EXTRACTED RECORDS

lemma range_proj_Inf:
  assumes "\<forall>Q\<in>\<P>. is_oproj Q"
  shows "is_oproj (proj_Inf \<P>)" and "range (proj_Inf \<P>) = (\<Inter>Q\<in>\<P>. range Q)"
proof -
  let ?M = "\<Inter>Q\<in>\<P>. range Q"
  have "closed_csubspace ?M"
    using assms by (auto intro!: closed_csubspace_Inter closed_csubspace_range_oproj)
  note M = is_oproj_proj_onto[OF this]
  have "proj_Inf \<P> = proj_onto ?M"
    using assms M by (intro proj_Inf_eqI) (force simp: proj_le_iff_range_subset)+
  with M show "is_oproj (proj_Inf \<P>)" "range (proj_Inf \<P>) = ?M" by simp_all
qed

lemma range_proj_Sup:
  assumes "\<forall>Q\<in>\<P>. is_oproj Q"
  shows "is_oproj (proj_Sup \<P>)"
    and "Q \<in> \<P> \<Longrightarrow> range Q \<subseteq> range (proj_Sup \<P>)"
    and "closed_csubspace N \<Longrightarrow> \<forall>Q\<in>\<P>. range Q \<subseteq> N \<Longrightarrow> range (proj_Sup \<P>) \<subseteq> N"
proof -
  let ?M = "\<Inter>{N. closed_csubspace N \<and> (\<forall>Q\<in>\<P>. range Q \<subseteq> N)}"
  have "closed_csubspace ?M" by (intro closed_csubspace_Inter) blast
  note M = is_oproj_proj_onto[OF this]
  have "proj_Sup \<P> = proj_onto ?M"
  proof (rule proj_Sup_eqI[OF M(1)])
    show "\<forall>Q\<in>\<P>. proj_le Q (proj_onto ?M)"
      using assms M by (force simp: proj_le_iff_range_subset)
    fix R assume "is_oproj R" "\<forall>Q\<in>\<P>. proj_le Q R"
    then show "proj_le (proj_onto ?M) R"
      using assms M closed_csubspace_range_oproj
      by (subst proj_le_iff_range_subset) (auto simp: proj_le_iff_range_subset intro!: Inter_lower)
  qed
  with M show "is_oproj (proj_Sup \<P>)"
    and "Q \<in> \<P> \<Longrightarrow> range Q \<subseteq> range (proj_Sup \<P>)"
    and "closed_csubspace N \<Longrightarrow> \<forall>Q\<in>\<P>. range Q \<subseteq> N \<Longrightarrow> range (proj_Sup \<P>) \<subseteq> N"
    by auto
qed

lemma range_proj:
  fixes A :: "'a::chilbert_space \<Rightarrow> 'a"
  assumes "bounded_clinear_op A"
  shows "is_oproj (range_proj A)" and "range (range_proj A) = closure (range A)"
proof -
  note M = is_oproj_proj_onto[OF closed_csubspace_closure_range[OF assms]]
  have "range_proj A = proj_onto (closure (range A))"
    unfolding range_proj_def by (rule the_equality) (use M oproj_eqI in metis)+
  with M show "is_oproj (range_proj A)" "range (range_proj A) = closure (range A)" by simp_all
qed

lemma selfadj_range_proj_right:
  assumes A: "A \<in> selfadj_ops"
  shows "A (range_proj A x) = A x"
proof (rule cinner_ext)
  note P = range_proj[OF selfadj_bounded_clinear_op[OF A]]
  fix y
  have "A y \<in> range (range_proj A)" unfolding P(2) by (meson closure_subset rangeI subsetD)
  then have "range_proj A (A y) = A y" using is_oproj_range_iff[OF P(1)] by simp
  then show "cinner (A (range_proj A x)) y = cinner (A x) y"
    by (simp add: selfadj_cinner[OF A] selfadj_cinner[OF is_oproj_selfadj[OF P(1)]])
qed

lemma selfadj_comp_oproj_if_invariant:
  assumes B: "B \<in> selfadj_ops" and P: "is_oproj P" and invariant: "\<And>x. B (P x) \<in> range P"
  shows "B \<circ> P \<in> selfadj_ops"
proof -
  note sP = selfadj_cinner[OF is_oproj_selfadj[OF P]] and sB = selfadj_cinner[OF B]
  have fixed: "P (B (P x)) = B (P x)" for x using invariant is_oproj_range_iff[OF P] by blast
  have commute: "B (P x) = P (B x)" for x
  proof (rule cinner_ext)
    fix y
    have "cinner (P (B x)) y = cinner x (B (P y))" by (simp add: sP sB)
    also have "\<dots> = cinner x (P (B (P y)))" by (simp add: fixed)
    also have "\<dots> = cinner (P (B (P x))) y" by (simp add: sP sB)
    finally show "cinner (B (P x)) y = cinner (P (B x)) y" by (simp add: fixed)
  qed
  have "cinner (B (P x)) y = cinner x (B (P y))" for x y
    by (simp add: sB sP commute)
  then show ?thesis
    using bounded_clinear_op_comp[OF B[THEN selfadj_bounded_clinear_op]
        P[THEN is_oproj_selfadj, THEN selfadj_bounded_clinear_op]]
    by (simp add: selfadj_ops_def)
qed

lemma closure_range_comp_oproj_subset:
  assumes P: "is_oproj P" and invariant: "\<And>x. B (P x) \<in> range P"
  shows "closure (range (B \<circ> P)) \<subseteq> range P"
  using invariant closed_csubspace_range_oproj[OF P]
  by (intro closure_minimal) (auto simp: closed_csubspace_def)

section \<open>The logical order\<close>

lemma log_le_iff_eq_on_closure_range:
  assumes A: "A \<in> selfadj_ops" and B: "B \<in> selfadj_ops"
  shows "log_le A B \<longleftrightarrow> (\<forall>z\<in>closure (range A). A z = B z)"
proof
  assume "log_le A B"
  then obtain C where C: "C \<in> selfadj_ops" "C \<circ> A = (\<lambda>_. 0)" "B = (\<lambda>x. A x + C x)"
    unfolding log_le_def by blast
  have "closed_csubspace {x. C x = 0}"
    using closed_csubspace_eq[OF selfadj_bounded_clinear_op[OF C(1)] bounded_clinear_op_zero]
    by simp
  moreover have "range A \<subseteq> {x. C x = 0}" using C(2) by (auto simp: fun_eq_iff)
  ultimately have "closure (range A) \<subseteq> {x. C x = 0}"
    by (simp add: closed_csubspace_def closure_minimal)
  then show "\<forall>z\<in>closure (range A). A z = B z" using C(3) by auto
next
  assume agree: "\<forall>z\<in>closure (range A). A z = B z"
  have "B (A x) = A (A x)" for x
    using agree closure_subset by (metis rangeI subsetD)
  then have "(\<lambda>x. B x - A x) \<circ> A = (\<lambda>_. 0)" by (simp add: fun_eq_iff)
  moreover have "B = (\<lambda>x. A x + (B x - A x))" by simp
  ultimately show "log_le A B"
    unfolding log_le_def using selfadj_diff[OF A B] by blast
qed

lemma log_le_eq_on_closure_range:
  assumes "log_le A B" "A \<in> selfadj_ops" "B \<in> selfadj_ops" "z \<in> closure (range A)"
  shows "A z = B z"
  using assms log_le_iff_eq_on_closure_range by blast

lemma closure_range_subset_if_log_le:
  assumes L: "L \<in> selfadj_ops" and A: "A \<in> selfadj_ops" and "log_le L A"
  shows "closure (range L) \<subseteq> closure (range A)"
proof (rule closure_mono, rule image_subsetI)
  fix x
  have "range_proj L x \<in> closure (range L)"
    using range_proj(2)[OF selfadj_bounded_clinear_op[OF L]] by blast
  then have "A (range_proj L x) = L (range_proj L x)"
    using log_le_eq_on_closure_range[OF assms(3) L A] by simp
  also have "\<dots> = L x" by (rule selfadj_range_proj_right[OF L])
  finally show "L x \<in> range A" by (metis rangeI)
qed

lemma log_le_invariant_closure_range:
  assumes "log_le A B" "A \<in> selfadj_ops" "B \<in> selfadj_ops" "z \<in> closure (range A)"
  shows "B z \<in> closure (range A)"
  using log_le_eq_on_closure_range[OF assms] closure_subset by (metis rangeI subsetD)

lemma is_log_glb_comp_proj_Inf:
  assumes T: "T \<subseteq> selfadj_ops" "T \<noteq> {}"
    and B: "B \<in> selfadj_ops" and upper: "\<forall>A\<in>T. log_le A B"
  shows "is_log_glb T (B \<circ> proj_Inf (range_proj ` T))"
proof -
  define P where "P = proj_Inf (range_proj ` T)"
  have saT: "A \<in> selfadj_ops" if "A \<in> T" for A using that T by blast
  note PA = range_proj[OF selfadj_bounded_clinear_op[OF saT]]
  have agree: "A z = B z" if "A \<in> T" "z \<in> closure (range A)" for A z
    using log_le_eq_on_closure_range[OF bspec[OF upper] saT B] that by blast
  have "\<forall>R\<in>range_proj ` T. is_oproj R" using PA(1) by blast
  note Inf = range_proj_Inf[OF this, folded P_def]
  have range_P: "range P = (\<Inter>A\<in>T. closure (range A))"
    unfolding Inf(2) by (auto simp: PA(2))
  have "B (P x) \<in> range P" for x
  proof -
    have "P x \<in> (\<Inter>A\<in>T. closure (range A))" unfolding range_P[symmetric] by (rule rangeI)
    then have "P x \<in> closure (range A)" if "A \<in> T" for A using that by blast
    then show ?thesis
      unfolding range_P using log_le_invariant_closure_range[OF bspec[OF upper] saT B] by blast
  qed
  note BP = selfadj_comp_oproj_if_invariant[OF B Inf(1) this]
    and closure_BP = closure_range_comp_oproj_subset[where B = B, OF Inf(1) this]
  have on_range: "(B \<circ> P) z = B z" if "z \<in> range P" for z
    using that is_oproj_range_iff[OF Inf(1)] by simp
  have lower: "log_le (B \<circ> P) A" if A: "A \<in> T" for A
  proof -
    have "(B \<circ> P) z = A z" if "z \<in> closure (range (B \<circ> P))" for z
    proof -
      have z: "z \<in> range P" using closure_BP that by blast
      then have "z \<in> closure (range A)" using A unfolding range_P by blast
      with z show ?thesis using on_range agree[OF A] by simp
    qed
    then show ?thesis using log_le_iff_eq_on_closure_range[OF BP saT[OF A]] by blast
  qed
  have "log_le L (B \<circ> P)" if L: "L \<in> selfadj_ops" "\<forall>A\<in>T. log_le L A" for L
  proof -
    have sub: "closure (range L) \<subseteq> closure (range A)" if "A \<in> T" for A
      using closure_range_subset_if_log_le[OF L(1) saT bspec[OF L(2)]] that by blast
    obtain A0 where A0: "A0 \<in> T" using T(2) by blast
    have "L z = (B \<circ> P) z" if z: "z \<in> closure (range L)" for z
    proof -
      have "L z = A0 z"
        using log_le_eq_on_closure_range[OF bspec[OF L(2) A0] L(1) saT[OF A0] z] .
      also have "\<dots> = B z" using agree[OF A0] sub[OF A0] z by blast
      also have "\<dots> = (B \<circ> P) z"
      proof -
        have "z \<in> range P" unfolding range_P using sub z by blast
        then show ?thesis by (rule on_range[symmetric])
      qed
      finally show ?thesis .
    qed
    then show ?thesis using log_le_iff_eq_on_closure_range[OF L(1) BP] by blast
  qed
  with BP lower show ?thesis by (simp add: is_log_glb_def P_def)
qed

TASK DESCRIPTION
Going through the listing above, count the lines in which the word "where" appears, and give only the number.

YOUR RESPONSE
4